Не ей поучать Калигулу, не ей! Все, что было правдой, все, что было ложью, вывалила бабушка на колени Тиберию. И немало на совести ее жертв. Оболгала она кого-то или нет — только ей знать, и только она сама знает, что было предательством, что геройством!

А углы большинство срезает, и на этом держится мир!

И вот, Калигула стоит перед бабушкой, и она держит на плече внука свою старую, в сети морщин руку. И, хоть он знает, что она не всегда шла прямыми путями, но ему все же стыдно. Ее пути все же были прямее. Она из тех, из другого поколения людей, она несгибаема. Рука дрожит, но в глазах ни слезинки, и спина прямая, как всегда.

— Наследство Тиберия — в первую очередь его внук.

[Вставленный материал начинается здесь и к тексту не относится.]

(* Let $\Delta\subset\mathbb{R}^n$ be an $n$-dimensional integral polytope containing the origin and having a unique codimension-1 face $\delta$ not containing the origin, with $\Delta$ the convex hull of $\delta$ and the origin. Let $A=\{V_1,\dots,V_J\}\subset\delta\cap\mathbb{Z}^n$ contain all vertices of $\delta$, let $T=\{\delta_1,\dots,\delta_h\}$ be a regular decomposition of $(\delta,A)$ with associated concave function $\phi$, and let $f=\sum_{j=1}^J a_jx^{V_j}$ with the $a_j$ regarded as indeterminates. If $r\in\Sigma_i$ for some $1\le i\le h$ (and $r$ is a lattice point), then $d(\phi,F_r(f)-F_r(f_{\Sigma_i}))<m(\phi,A;r)$.
   Context: $C(\Delta)$ is the closed cone generated by $\Delta$ and the origin; $w(r)$ is the least $c\ge0$ with $r\in c\Delta$. A regular decomposition of $(\delta,A)$ is a collection of polytopes $\delta_1,\dots,\delta_h$ with vertices in $A$, of full dimension in $\delta$, whose union is $\delta$ and whose pairwise intersections have lower dimension, with a piecewise linear concave $\phi:\delta\to\mathbb{R}$ whose domains of linearity are exactly the $\delta_i$; $\phi$ is extended to $C(\Delta)\setminus\{0\}$ by $\phi(r)=w(r)\phi(r/w(r))$. $\Sigma_i$ is the closed cone generated by $\delta_i$ and the origin, and $f_{\Sigma_i}=\sum_{V_j\in\Sigma_i}a_jx^{V_j}$. $m(\phi,A;r)=\sup\{\sum_j u_j\phi(V_j):\sum_ju_jV_j=r,\ u_j\ge0\}$. Let $\pi$ satisfy $\sum_{m\ge0}\pi^{p^m}/p^m=0$, $\mathrm{ord}_p\pi=1/(p-1)$, and let $E(t)=\exp(\sum_{m\ge0}t^{p^m}/p^m)=\sum_m\lambda_mt^m$ be the Artin–Hasse exponential. For $r\in\mathbb{Z}^n$, $F_r(f)=\sum_u\big(\prod_{j=1}^J\lambda_{u_j}a_j^{u_j}\big)\pi^{u_1+\dots+u_J}$, summed over all integral $u=(u_1,\dots,u_J)$ with $u_j\ge0$ and $\sum_ju_jV_j=r$ (and similarly $F_r(f_{\Sigma_i})$ using only the $V_j\in\Sigma_i$). For a polynomial $F=\sum_u\lambda_u\prod_ja_j^{u_j}$, its $\phi$-degree is $d(\phi,F)=\max\{\sum_ju_j\phi(V_j):\lambda_u\neq0\}$, with $d(\phi,0)=-\infty$. *)

theory Defs
  imports "HOL-Analysis.Analysis" "HOL-Computational_Algebra.Formal_Power_Series"
begin

definition lattice_pt :: "real^'n \<Rightarrow> bool" where
  "lattice_pt x \<longleftrightarrow> (\<forall>i. x $ i \<in> \<int>)"

definition integral_polytope :: "(real^'n) set \<Rightarrow> bool" where
  "integral_polytope P \<longleftrightarrow> (\<exists>S. finite S \<and> (\<forall>x\<in>S. lattice_pt x) \<and> P = convex hull S)"

text \<open>phi is affine (linear in the sense of the paper) on S.\<close>
definition affine_on :: "(real^'n) set \<Rightarrow> (real^'n \<Rightarrow> real) \<Rightarrow> bool" where
  "affine_on S phi \<longleftrightarrow> (\<exists>c b. \<forall>x\<in>S. phi x = c \<bullet> x + b)"

definition regular_decomposition ::
  "(real^'n) set \<Rightarrow> (real^'n) set \<Rightarrow> nat \<Rightarrow> (nat \<Rightarrow> (real^'n) set) \<Rightarrow> (real^'n \<Rightarrow> real) \<Rightarrow> bool" where
  "regular_decomposition \<delta> A h T phi \<longleftrightarrow>
     (\<forall>i\<in>{1..h}. polytope (T i) \<and> {v. v extreme_point_of (T i)} \<subseteq> A
                 \<and> aff_dim (T i) = aff_dim \<delta>) \<and>
     (\<Union>i\<in>{1..h}. T i) = \<delta> \<and>
     (\<forall>i\<in>{1..h}. \<forall>k\<in>{1..h}. i \<noteq> k \<longrightarrow> aff_dim (T i \<inter> T k) < aff_dim \<delta>) \<and>
     concave_on \<delta> phi \<and>
     (\<forall>i\<in>{1..h}. affine_on (T i) phi) \<and>
     (\<forall>i\<in>{1..h}. \<forall>S. convex S \<and> T i \<subseteq> S \<and> S \<subseteq> \<delta> \<and> affine_on S phi \<longrightarrow> S = T i)"

definition closed_cone_gen :: "(real^'n) set \<Rightarrow> (real^'n) set" where
  "closed_cone_gen S = closure (convex_cone hull (insert 0 S))"

definition artin_hasse :: "nat \<Rightarrow> rat fps" where
  "artin_hasse p = fps_exp 1 oo Abs_fps (\<lambda>n. if (\<exists>m. n = p ^ m) then 1 / of_nat n else 0)"

definition AH_coeff :: "nat \<Rightarrow> nat \<Rightarrow> rat" where
  "AH_coeff p m = fps_nth (artin_hasse p) m"

text \<open>Polynomials in the indeterminates a_1..a_J are represented by their coefficient
  functions on exponent vectors u :: nat \<Rightarrow> nat (with u j = 0 for j outside {1..J}).
  F_r restricted to the V_j lying in a set C (C = UNIV gives F_r(f), C = Sigma_i gives F_r(f_Sigma_i)).\<close>
definition F_coeff :: "nat \<Rightarrow> 'k::field_char_0 \<Rightarrow> nat \<Rightarrow> (nat \<Rightarrow> real^'n) \<Rightarrow> (real^'n) set
     \<Rightarrow> real^'n \<Rightarrow> (nat \<Rightarrow> nat) \<Rightarrow> 'k" where
  "F_coeff p \<pi> J V C r u =
     (if (\<forall>j. j \<notin> {1..J} \<longrightarrow> u j = 0) \<and> (\<forall>j\<in>{1..J}. V j \<notin> C \<longrightarrow> u j = 0)
         \<and> (\<Sum>j=1..J. of_nat (u j) *\<^sub>R V j) = r
      then (\<Prod>j=1..J. of_rat (AH_coeff p (u j))) * \<pi> ^ (\<Sum>j=1..J. u j)
      else 0)"

text \<open>phi-degree of a polynomial given by its coefficient function (-\<infinity> for the zero polynomial).\<close>
definition phi_degree :: "(real^'n \<Rightarrow> real) \<Rightarrow> nat \<Rightarrow> (nat \<Rightarrow> real^'n) \<Rightarrow> ((nat \<Rightarrow> nat) \<Rightarrow> 'k::zero) \<Rightarrow> ereal" where
  "phi_degree phi J V F = Sup ((\<lambda>u. ereal (\<Sum>j=1..J. real (u j) * phi (V j))) ` {u. F u \<noteq> 0})"

definition m_phi :: "(real^'n \<Rightarrow> real) \<Rightarrow> nat \<Rightarrow> (nat \<Rightarrow> real^'n) \<Rightarrow> real^'n \<Rightarrow> ereal" where
  "m_phi phi J V r = Sup ((\<lambda>u. ereal (\<Sum>j=1..J. u j * phi (V j))) `
       {u :: nat \<Rightarrow> real. (\<forall>j\<in>{1..J}. u j \<ge> 0) \<and> (\<Sum>j=1..J. u j *\<^sub>R V j) = r})"

end

theory Submission
  imports Defs
begin

text \<open>Since \<delta> lies in a hyperplane \<open>l \<bullet> x = 1\<close> avoiding the origin, the affine function
  that agrees with \<phi> on \<open>\<delta>\<^sub>i\<close> is the restriction of a linear form \<open>k\<close>. By concavity and
  maximality of the domains of linearity, \<open>\<phi>(V\<^sub>j) \<le> k \<bullet> V\<^sub>j\<close>, with equality exactly for
  \<open>V\<^sub>j \<in> \<delta>\<^sub>i\<close>. Every monomial of \<open>F\<^sub>r(f) - F\<^sub>r(f\<^sub>\<Sigma>)\<close> has an exponent \<open>u\<close> with
  \<open>\<Sum> u\<^sub>j V\<^sub>j = r\<close> and \<open>u\<^sub>j > 0\<close> for some \<open>V\<^sub>j \<notin> \<Sigma>\<^sub>i\<close>, so its \<phi>-degree is strictly below
  \<open>k \<bullet> r\<close>, and there are only finitely many such monomials. Writing \<open>r\<close> as a nonnegative
  combination of the vertices of \<open>\<delta>\<^sub>i\<close> gives \<open>k \<bullet> r \<le> m(\<phi>, A; r)\<close>.\<close>

lemma concave_on_le_affine_extension:
  fixes S T :: "'a::euclidean_space set" and phi :: "'a \<Rightarrow> real"
  assumes S: "convex S" and T: "convex T" "T \<subseteq> S" "T \<noteq> {}"
    and hull_eq: "affine hull T = affine hull S"
    and conc: "concave_on S phi" and lin: "\<forall>y\<in>T. phi y = c \<bullet> y + b"
    and x: "x \<in> S"
  shows "phi x \<le> c \<bullet> x + b"
proof -
  obtain q where "q \<in> rel_interior T" using rel_interior_eq_empty T by auto
  then obtain e where e: "e > 0" "ball q e \<inter> affine hull T \<subseteq> T" and qT: "q \<in> T"
    using mem_rel_interior_ball by blast
  show ?thesis
  proof (cases "x = q")
    case True
    then show ?thesis using lin qT by auto
  next
    case False
    define d where "d = norm (x - q)"
    have d: "d > 0" using False d_def by auto
    define s where "s = min (1/2) (e / (2*d))"
    have s: "s > 0" "s \<le> 1" using e d by (auto simp: s_def)
    define y where "y = (1 - s) *\<^sub>R q + s *\<^sub>R x"
    have yS: "y \<in> S"
      using S x qT \<open>T \<subseteq> S\<close> s unfolding convex_alt y_def by auto
    have "dist q y = s * d"
      using s by (simp add: y_def d_def dist_norm algebra_simps norm_minus_commute flip: scaleR_diff_right)
    also have "\<dots> < e"
      using d e s by (simp add: s_def field_simps min_def)
    finally have "y \<in> T"
      using e(2) yS hull_eq by (auto intro: hull_inc)
    have "(1 - s) * phi q + s * phi x \<le> phi y"
      using concave_onD[OF conc, of s q x] s \<open>T \<subseteq> S\<close> qT x by (auto simp: y_def)
    also have "phi y = (1 - s) * phi q + s * (c \<bullet> x + b)"
      using lin \<open>y \<in> T\<close> qT by (simp add: y_def inner_add_right algebra_simps)
    finally show ?thesis using s(1) by simp
  qed
qed

text \<open>A point where \<phi> meets the affine function of a maximal domain of linearity \<open>T\<close> can be
  adjoined to \<open>T\<close> without losing linearity, so by maximality it already lies in \<open>T\<close>.\<close>

lemma affine_extension_eq_imp_mem:
  fixes S T :: "(real^'n) set" and phi :: "real^'n \<Rightarrow> real"
  assumes S: "convex S" and T: "convex T" "T \<subseteq> S" "T \<noteq> {}"
    and hull_eq: "affine hull T = affine hull S"
    and conc: "concave_on S phi" and lin: "\<forall>y\<in>T. phi y = c \<bullet> y + b"
    and maximal: "\<forall>U. convex U \<and> T \<subseteq> U \<and> U \<subseteq> S \<and> affine_on U phi \<longrightarrow> U = T"
    and v: "v \<in> S" "phi v = c \<bullet> v + b"
  shows "v \<in> T"
proof -
  define U where "U = convex hull (insert v T)"
  have "U \<subseteq> S" unfolding U_def using S v T by (simp add: hull_minimal)
  have "phi y = c \<bullet> y + b" if "y \<in> U" for y
  proof -
    obtain w z where w: "0 \<le> w" "w \<le> 1" and "z \<in> T" and y: "y = (1 - w) *\<^sub>R v + w *\<^sub>R z"
      using \<open>y \<in> U\<close> unfolding U_def convex_hull_insert[OF \<open>T \<noteq> {}\<close>] convex_hull_eq[THEN iffD2, OF T(1)]
      by (smt (verit, best) mem_Collect_eq)
    have "c \<bullet> y + b = (1 - w) * phi v + w * phi z"
      using v lin \<open>z \<in> T\<close> by (simp add: y inner_add_right algebra_simps)
    also have "\<dots> \<le> phi y"
      using concave_onD[OF conc, of w v z] w v \<open>z \<in> T\<close> T by (auto simp: y)
    finally show ?thesis
      using concave_on_le_affine_extension[OF S T hull_eq conc lin] \<open>y \<in> U\<close> \<open>U \<subseteq> S\<close> by force
  qed
  then have "affine_on U phi" unfolding affine_on_def by blast
  moreover have "convex U" "T \<subseteq> U" unfolding U_def by (auto intro: hull_inc)
  ultimately have "U = T" using maximal \<open>U \<subseteq> S\<close> by blast
  then show ?thesis unfolding U_def by (metis hull_inc insertI1)
qed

Тяжкое наследство. Ты скажешь Сенату, что будешь ему отцом. Это трудно. Я тебя к этому не призываю. Я не люблю Тиберия Гемелла, пусть он сын моей дочери, а может, именно поэтому. Хочу одного: чтоб ты был спокоен по отношению к мальчику. Ни любви, ни ненависти. Не поднимай на него руку. Если будешь правителем достойным, о нем, о Тиберии Гимелле, забудут. Сам Тиберий долго был не у дел при Августе, сослан на далекий остров, почти добровольно, ты понимаешь меня, не правда ли?

— Да, бабушка. Хорошо, бабушка.

— Завещание Ливии должно быть исполнено. Тиберий был скуповат, и, хотя обязан матери всем на свете, не любил ее. Верно, тяготил его долг перед нею, не принимал он долга, вот и не любил. Он оставил ее деньги в казне. Это неверно. Когда-то Август, не будучи еще Августом, выплатил Цезаревы деньги, пусть из своего кармана. Этим он немало выиграл, а вот Антоний, отец мой, проиграл. Впрочем, он все проигрывал, и проиграл, наконец!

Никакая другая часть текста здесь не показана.